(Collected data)
+ + +
lemma mjacobi_last_var_one:
  assumes a: "a > -1" and b: "b > -1" and lam: "is_partition_len (Suc m) lam"
    and x: "\<forall>i<m. x i \<noteq> 1"
  defines "l \<equiv> \<lambda>i. lam i + m - i"
  shows "mjacobi (Suc m) lam a b (x(m := 1)) =
    (\<Sum>z\<in>Sigma (interlacing_rows m l) (dominated_rows m).
       branching_coeff a b m l (fst z) (snd z) * mjacobi m (partition_of_exponents m (snd z)) a b x)"
proof -
  have l: "l (Suc i) < l i" if "i < m" for i
  proof -
    have "lam (Suc i) \<le> lam i" using lam unfolding is_partition_len_def by simp
    then show ?thesis using that unfolding l_def by linarith
  qed
  have P: "(\<Prod>j<m. x j - 1) \<noteq> 0" using x by auto
  have reassoc: "g * (t * (s * (w * d))) / v = g * t * s * w * (d / v)" for g t s w d v :: real
    by simp
  have "mjacobi (Suc m) lam a b (x(m := 1)) = detm (Suc m) (\<lambda>i j. jacobi (l i) a b ((x(m := 1)) j)) /
      (vandermonde m x * (\<Prod>j<m. x j - 1))"
    unfolding mjacobi_def vandermonde_Suc_upd l_def by simp
  also have "\<dots> = (\<Prod>i<Suc m. jacobi_one (l i) a) * (\<Sum>\<nu>\<in>interlacing_rows m l.
     (\<Prod>i<m. jacobi_step_factor a b (\<nu> i)) * detm m (\<lambda>i j. jacobi (\<nu> i) (a + 1) b (x j))) / vandermonde m x"
    using detm_jacobi_last_var_one[where l = l and m = m and x = x, OF a l] P by simp
  also have "\<dots> = (\<Sum>\<nu>\<in>interlacing_rows m l. \<Sum>\<kappa>\<in>dominated_rows m \<nu>.
      branching_coeff a b m l \<nu> \<kappa> * (detm m (\<lambda>i j. jacobi (\<kappa> i) a b (x j)) / vandermonde m x))"
    unfolding sum_distrib_left sum_divide_distrib
  proof (intro sum.cong refl)
    fix \<nu> assume \<nu>: "\<nu> \<in> interlacing_rows m l"
    have shift_a: "detm m (\<lambda>i j. jacobi (\<nu> i) (a + 1) b (x j)) = (\<Prod>i<m. jacobi_shift_scale a b (\<nu> i)) *
        (\<Sum>\<kappa>\<in>dominated_rows m \<nu>. (\<Prod>i<m. jacobi_shift_weight a b (\<kappa> i)) *
          detm m (\<lambda>i j. jacobi (\<kappa> i) a b (x j)))"
      using interlacing_rows_decreasing[OF \<nu>] by (intro detm_jacobi_shift_a a b less_imp_le)
    show "(\<Prod>i<Suc m. jacobi_one (l i) a) * ((\<Prod>i<m. jacobi_step_factor a b (\<nu> i)) *
        detm m (\<lambda>i j. jacobi (\<nu> i) (a + 1) b (x j))) / vandermonde m x =
      (\<Sum>\<kappa>\<in>dominated_rows m \<nu>. branching_coeff a b m l \<nu> \<kappa> *
        (detm m (\<lambda>i j. jacobi (\<kappa> i) a b (x j)) / vandermonde m x))"
      unfolding shift_a sum_distrib_left sum_divide_distrib
      by (intro sum.cong refl) (simp only: branching_coeff_def reassoc)
  qed
  also have "\<dots> = (\<Sum>\<nu>\<in>interlacing_rows m l. \<Sum>\<kappa>\<in>dominated_rows m \<nu>.
      branching_coeff a b m l \<nu> \<kappa> * mjacobi m (partition_of_exponents m \<kappa>) a b x)"
  proof (intro sum.cong refl)
    fix \<nu> \<kappa> assume "\<kappa> \<in> dominated_rows m \<nu>"
    then have "mjacobi m (partition_of_exponents m \<kappa>) a b x =
        detm m (\<lambda>i j. jacobi (\<kappa> i) a b (x j)) / vandermonde m x"
      by (intro mjacobi_partition_of_exponents dominated_rows_decreasing)
    then show "branching_coeff a b m l \<nu> \<kappa> * (detm m (\<lambda>i j. jacobi (\<kappa> i) a b (x j)) / vandermonde m x) =
        branching_coeff a b m l \<nu> \<kappa> * mjacobi m (partition_of_exponents m \<kappa>) a b x"
      by simp
  qed
  also have "\<dots> = (\<Sum>z\<in>Sigma (interlacing_rows m l) (dominated_rows m).
      branching_coeff a b m l (fst z) (snd z) * mjacobi m (partition_of_exponents m (snd z)) a b x)"
    by (subst sum.Sigma) (simp_all add: finite_interlacing_rows finite_dominated_rows case_prod_unfold)
  finally show ?thesis .
qed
+ + +
Show every line above where "proof" is found.

**Your response:**
proof -
  proof -
  proof (intro sum.cong refl)
  proof (intro sum.cong refl)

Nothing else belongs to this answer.